Hi all. Can anyone explain how this is meant to work..... Not a conventional float switch I'm used to seeing.

Thanks!!









Sent from my SM-N915W8 using Tapatalk


----------



## PolarisFx (Feb 1, 2016)

That's not a float, it's a mini bladder used in a Spectrapure FLC kit. This is the manual for the Float Level Control kit:

http://spectrapure.com/manuals/ASOFK_SPFK_FLC.pdf


----------



## saltmeup (Nov 12, 2015)

PolarisFx said:


> That's not a float, it's a mini bladder used in a Spectrapure FLC kit. This is the manual for the Float Level Control kit:
> 
> http://spectrapure.com/manuals/ASOFK_SPFK_FLC.pdf


Thanks very much for your help!!

So is this worth using..... I don't understand the benefits of having it on my Spectrapure system.... Clearly I inherited it and it wasnt a specific purchase I chose to make. 
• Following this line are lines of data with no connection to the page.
lemma codim_join_irred:
  assumes "join_irred x"
  shows "codim x = height {y. x \<le> y}"
proof (rule order_antisym)
  have P: "{y. x \<le> y} \<in> Spec"
    using assms by (simp add: principal_filter_in_Spec_iff)
  then show "codim x \<le> height {y. x \<le> y}"
    by (rule codim_le_height) simp
  show "height {y. x \<le> y} \<le> codim x"
    unfolding le_codim_iff
  proof (intro ballI impI)
    fix p assume "p \<in> Spec" and "x \<in> p"
    then have "{y. x \<le> y} \<subseteq> p"
      using Spec_up by blast
    then show "height {y. x \<le> y} \<le> height p"
      by (rule height_mono[OF P])
  qed
qed

lemma mem_dL_iff: "a \<in> dL k \<longleftrightarrow> enat k \<le> codim a"
  by (simp add: dL_def)

lemma dL_down: "a \<in> dL k \<Longrightarrow> b \<le> a \<Longrightarrow> b \<in> dL k"
  unfolding mem_dL_iff by (erule order_trans[OF _ codim_antimono])

lemma bot_in_dL: "bot \<in> dL k"
  by (simp add: mem_dL_iff codim_bot)

lemma sup_in_dL: "a \<in> dL k \<Longrightarrow> b \<in> dL k \<Longrightarrow> sup a b \<in> dL k"
  by (auto simp: mem_dL_iff le_codim_iff Spec_sup_iff)

lemma dL_antimono: "k \<le> k' \<Longrightarrow> dL k' \<subseteq> dL k"
  by (simp add: dL_def subset_eq) (meson enat_ord_simps(1) order_trans)

lemma qrel_dL_iff: "(a, b) \<in> qrel (dL k) \<longleftrightarrow> cominus a b \<in> dL k \<and> cominus b a \<in> dL k"
  unfolding qrel_def using dL_down[OF _ sup_ge1] dL_down[OF _ sup_ge2] sup_in_dL by blast

lemma join_irred_le_sup_dL:
  assumes "join_irred x" and "codim x \<le> enat d" and "m \<in> dL (Suc d)" and "x \<le> sup t m"
  shows "x \<le> t"
proof -
  have "\<not> x \<le> m"
  proof
    assume "x \<le> m"
    then have "enat (Suc d) \<le> codim x"
      using dL_down[OF assms(3)] by (simp add: mem_dL_iff)
    from order_trans[OF this assms(2)] show False
      by simp
  qed
  with assms(1,4) show ?thesis
    unfolding join_irred_def by blast
qed

section \<open>The co-Heyting difference\<close>

locale co_heyting_algebra =
  fixes T :: "'a::{distrib_lattice,bounded_lattice} itself"
  assumes co_heyting: "co_heyting T"
begin

lemma cominus_le_iff: "cominus a b \<le> c \<longleftrightarrow> (a::'a) \<le> sup b c"
proof -
  obtain c0 :: 'a where c0: "a \<le> sup b c0" "\<forall>c'. a \<le> sup b c' \<longrightarrow> c0 \<le> c'"
    using co_heyting unfolding co_heyting_def by blast
  then have "\<exists>!c. a \<le> sup b c \<and> (\<forall>c'. a \<le> sup b c' \<longrightarrow> c \<le> c')"
    by (metis order_antisym)
  then have "a \<le> sup b (cominus a b) \<and> (\<forall>c'. a \<le> sup b c' \<longrightarrow> cominus a b \<le> c')"
    unfolding cominus_def by (rule theI')
  then show ?thesis
    by (meson order_trans sup_mono order_refl)
qed

lemma le_sup_cominus: "(a::'a) \<le> sup b (cominus a b)"
  by (simp flip: cominus_le_iff)

lemma cominus_le: "cominus a b \<le> (a::'a)"
  by (simp add: cominus_le_iff)

lemma cominus_eq_bot_iff: "cominus a b = bot \<longleftrightarrow> (a::'a) \<le> b"
  by (metis bot.extremum_unique cominus_le_iff sup_bot_right)

lemma cominus_mono: "a \<le> a' \<Longrightarrow> cominus a b \<le> cominus (a'::'a) b"
  by (meson le_sup_cominus cominus_le_iff order_trans)

lemma cominus_antimono:
  assumes "b \<le> b'"
  shows "cominus a b' \<le> cominus (a::'a) b"
proof -
  have "a \<le> sup b (cominus a b)"
    by (rule le_sup_cominus)
  also have "\<dots> \<le> sup b' (cominus a b)"
    using assms by (rule sup_mono) simp
  finally show ?thesis
    by (simp add: cominus_le_iff)
qed

lemma cominus_triangle: "cominus a c \<le> sup (cominus a b) (cominus (b::'a) c)"
proof -
  have "a \<le> sup b (cominus a b)"
    by (rule le_sup_cominus)
  also have "\<dots> \<le> sup (sup c (cominus b c)) (cominus a b)"
    by (rule sup_mono[OF le_sup_cominus order_refl])
  also have "\<dots> = sup c (sup (cominus a b) (cominus b c))"
    by (simp add: ac_simps)
  finally show ?thesis
    by (simp add: cominus_le_iff)
qed

lemma cominus_sup_left: "cominus (sup a b) b = cominus (a::'a) b"
proof (rule order_antisym)
  show "cominus (sup a b) b \<le> cominus a b"
    by (simp add: cominus_le_iff le_sup_cominus)
  show "cominus a b \<le> cominus (sup a b) b"
    by (rule cominus_mono) simp
qed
Sent from my SM-N915W8 using Tapatalk


----------



## PolarisFx (Feb 1, 2016)

In a normal ASO the pressure that is in the line when the float valve closes is whats used to pinch-off the feed side of the membrane.

Since there's almost no volume in the 1/4" tubing, the ON and OFF pressure points become very close to each other, so any leakage downstream will reduce the pressure quickly enough to keep turning the ASO on.
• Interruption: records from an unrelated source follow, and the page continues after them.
lemma elem_syzygies_basis:
  assumes fin: "finite C" and k0: "k0 \<in> C" "0 < k0"
  shows "elem_syzygy k0 ` (C - {k0}) \<subseteq> syzygies C"
    and "syzygies C \<subseteq> lin.span (elem_syzygy k0 ` (C - {k0}))"
    and "lin.independent (elem_syzygy k0 ` (C - {k0}))"
    and "card (elem_syzygy k0 ` (C - {k0})) = card C - 1"
proof -
  show "elem_syzygy k0 ` (C - {k0}) \<subseteq> syzygies C"
    using elem_syzygy_in_syzygies[OF fin k0(1)] by auto
  show "syzygies C \<subseteq> lin.span (elem_syzygy k0 ` (C - {k0}))"
    using syzygies_subset_span_elem_syzygies[OF fin k0] .
  show "lin.independent (elem_syzygy k0 ` (C - {k0}))"
    using independent_elem_syzygies[OF k0(2)] .
  have "inj_on (elem_syzygy k0) (C - {k0})"
    using inj_on_elem_syzygy[OF k0(2)] by (rule inj_on_subset) auto
  then show "card (elem_syzygy k0 ` (C - {k0})) = card C - 1"
    using fin k0 by (simp add: card_image)
qed

lemma independent_syzygies_card_le:
  assumes "finite C" "0 \<notin> C" "C \<noteq> {}" "S \<subseteq> syzygies C" "lin.independent S"
  shows "finite S" "card S \<le> card C - 1"
proof -
  obtain k0 where k0: "k0 \<in> C" using assms(3) by blast
  with assms(2) have "0 < k0" by (cases k0) auto
  note basis = elem_syzygies_basis[OF assms(1) k0 this]
  have "S \<subseteq> lin.span (elem_syzygy k0 ` (C - {k0}))" using assms(4) basis(2) by blast
  then show "finite S" "card S \<le> card C - 1"
    using lin.independent_span_bound[OF finite_imageI[OF finite_Diff[OF assms(1)]] assms(5)] basis(4)
    by metis+
qed

definition rel_vec :: "(nat \<Rightarrow> nat) \<times> (nat \<Rightarrow> nat) \<Rightarrow> nat \<Rightarrow> real" where
  "rel_vec \<sigma> = (\<lambda>k. real (fst \<sigma> k) - real (snd \<sigma> k))"

lemma rel_vec_in_syzygies:
  assumes "finite A" "C \<subseteq> A" "supported_on (fst \<sigma>) C" "supported_on (snd \<sigma>) C"
    and "factor_eval A (fst \<sigma>) = factor_eval A (snd \<sigma>)"
  shows "rel_vec \<sigma> \<in> syzygies C"
proof -
  have "(\<Sum>j\<in>C. rel_vec \<sigma> j * real j)
      = real (\<Sum>j\<in>C. fst \<sigma> j * j) - real (\<Sum>j\<in>C. snd \<sigma> j * j)"
    by (simp add: rel_vec_def sum_subtractf left_diff_distrib)
  also have "\<dots> = 0" using assms factor_eval_supported[OF assms(1,2)] by simp
  finally show ?thesis
    using assms(3,4) by (simp add: syzygies_def rel_vec_def supported_on_def)
qed
lemma CT_edge_transposition:
  assumes "{u, z} \<in> CT_edges n"
  obtains i j where "i \<noteq> j" "z = u \<circ> transpose i j" "u permutes {1..n}" "z permutes {1..n}"
proof -
  obtain x y where xy: "{u, z} = {x, y}" "x \<in> Sym n" "y \<in> Sym n"
    and "is_transposition (inv x \<circ> y)"
    using assms unfolding CT_edges_def by blast
  then obtain i j where ij: "i \<noteq> j" "inv x \<circ> y = transpose i j"
    unfolding is_transposition_def by blast
  have x: "x permutes {1..n}" and "y permutes {1..n}"
    using xy(2,3) unfolding Sym_def by simp_all
  have y: "y = x \<circ> transpose i j"
    using permutes_inv_o(1)[OF x] by (simp flip: ij(2) comp_assoc)
  then have "x = y \<circ> transpose i j"
    by (simp add: comp_assoc)
  consider "u = x" "z = y" | "u = y" "z = x"
    using xy(1) by (auto simp: doubleton_eq_iff)
  then show thesis
    using that ij(1) x \<open>y permutes {1..n}\<close> y \<open>x = y \<circ> transpose i j\<close> by cases blast+
qed

lemma transpose_points_in_supp_edges:
  assumes "{x, x \<circ> transpose i j} \<in> F" "x permutes S" "i \<noteq> j"
  shows "{i, j} \<subseteq> supp_edges F"
proof -
  have "supp (inv x \<circ> (x \<circ> transpose i j)) = {i, j}"
    using assms(3) by (simp add: supp_transpose permutes_inv_o(2)[OF assms(2)] flip: comp_assoc)
  with assms(1) show ?thesis
    unfolding supp_edges_def by blast
qed

lemma CT_cycle_vertex_permutes:
  assumes "cycle_edges vs \<subseteq> CT_edges n" "w \<in> set vs"
  shows "w permutes {1..n}"
proof -
  obtain e where "e \<in> cycle_edges vs" "w \<in> e"
    using assms(2) Union_cycle_edges[of vs] by blast
  moreover have "f \<subseteq> Sym n" if "f \<in> CT_edges n" for f
    using that unfolding CT_edges_def by auto
  ultimately show ?thesis
    using assms(1) unfolding Sym_def by blast
qed

lemma CT_supp_edges_subset:
  assumes "F \<subseteq> CT_edges n"
  shows "supp_edges F \<subseteq> {1..n}"
proof
  fix t assume "t \<in> supp_edges F"
  then obtain u z where uz: "{u, z} \<in> F" "t \<in> supp (inv u \<circ> z)"
    unfolding supp_edges_def by blast
  then obtain i j where u: "u permutes {1..n}" and z: "z permutes {1..n}"
    using assms CT_edge_transposition by blast
  show "t \<in> {1..n}"
  proof (rule ccontr)
    assume t: "t \<notin> {1..n}"
    then have "inv u (z t) = t"
      using permutes_not_in[OF z t] permutes_not_in[OF permutes_inv[OF u] t] by simp
    with uz(2) show False
      unfolding supp_def by simp
  qed
qed
lemma subring_adj:
  assumes A: "A \<in> carrier_mat n n" and e: "\<And>i j. i < n \<Longrightarrow> j < n \<Longrightarrow> A $$ (i,j) \<in> S"
    and ij: "i < n" "j < n"
  shows "adj_mat A $$ (i, j) \<in> S"
proof -
  have "adj_mat A $$ (i, j) = (-1)^(j+i) * det (mat_delete A j i)"
    using A ij unfolding adj_mat_def cofactor_def by simp
  also have "\<dots> \<in> S"
  proof (intro subring_mult subring_power subring_uminus subring_1 subring_det)
    show "mat_delete A j i \<in> carrier_mat (n - 1) (n - 1)" using A unfolding carrier_mat_def by simp
    fix i' j' assume ij': "i' < n - 1" "j' < n - 1"
    have "mat_delete A j i $$ (i', j') =
       A $$ (if i' < j then i' else Suc i', if j' < i then j' else Suc j')"
      using A ij' unfolding mat_delete_def by simp
    also have "\<dots> \<in> S" using ij' by (intro e) auto
    finally show "mat_delete A j i $$ (i', j') \<in> S" .
  qed
  finally show ?thesis .
qed

end

lemma is_subring_Int: "is_subring S \<Longrightarrow> is_subring T \<Longrightarrow> is_subring (S \<inter> T)"
  unfolding is_subring_def by blast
That Mini Bladder provides a larger volume of space, which provides a pressure buffer giving you a "Positive Shut-off" keeping the ASO off for a longer period of time. It was designed as a means of water conservation.


----------



## saltmeup (Nov 12, 2015)

PolarisFx said:


> In a normal ASO the pressure that is in the line when the float valve closes is whats used to pinch-off the feed side of the membrane.
> 
> Since there's almost no volume in the 1/4" tubing, the ON and OFF pressure points become very close to each other, so any leakage downstream will reduce the pressure quickly enough to keep turning the ASO on.
> 
> That Mini Bladder provides a larger volume of space, which provides a pressure buffer giving you a "Positive Shut-off" keeping the ASO off for a longer period of time. It was designed as a means of water conservation.


This is great info. Thanks Polaris fx.

So makes sense to use it if I have it..... Going to play around with it today. Would like to run the RO to 3 areas, 2 Brutes and to the tank for top off.

Is this possible without issues....including the bloat

Sent from my SM-N915W8 using Tapatalk


----------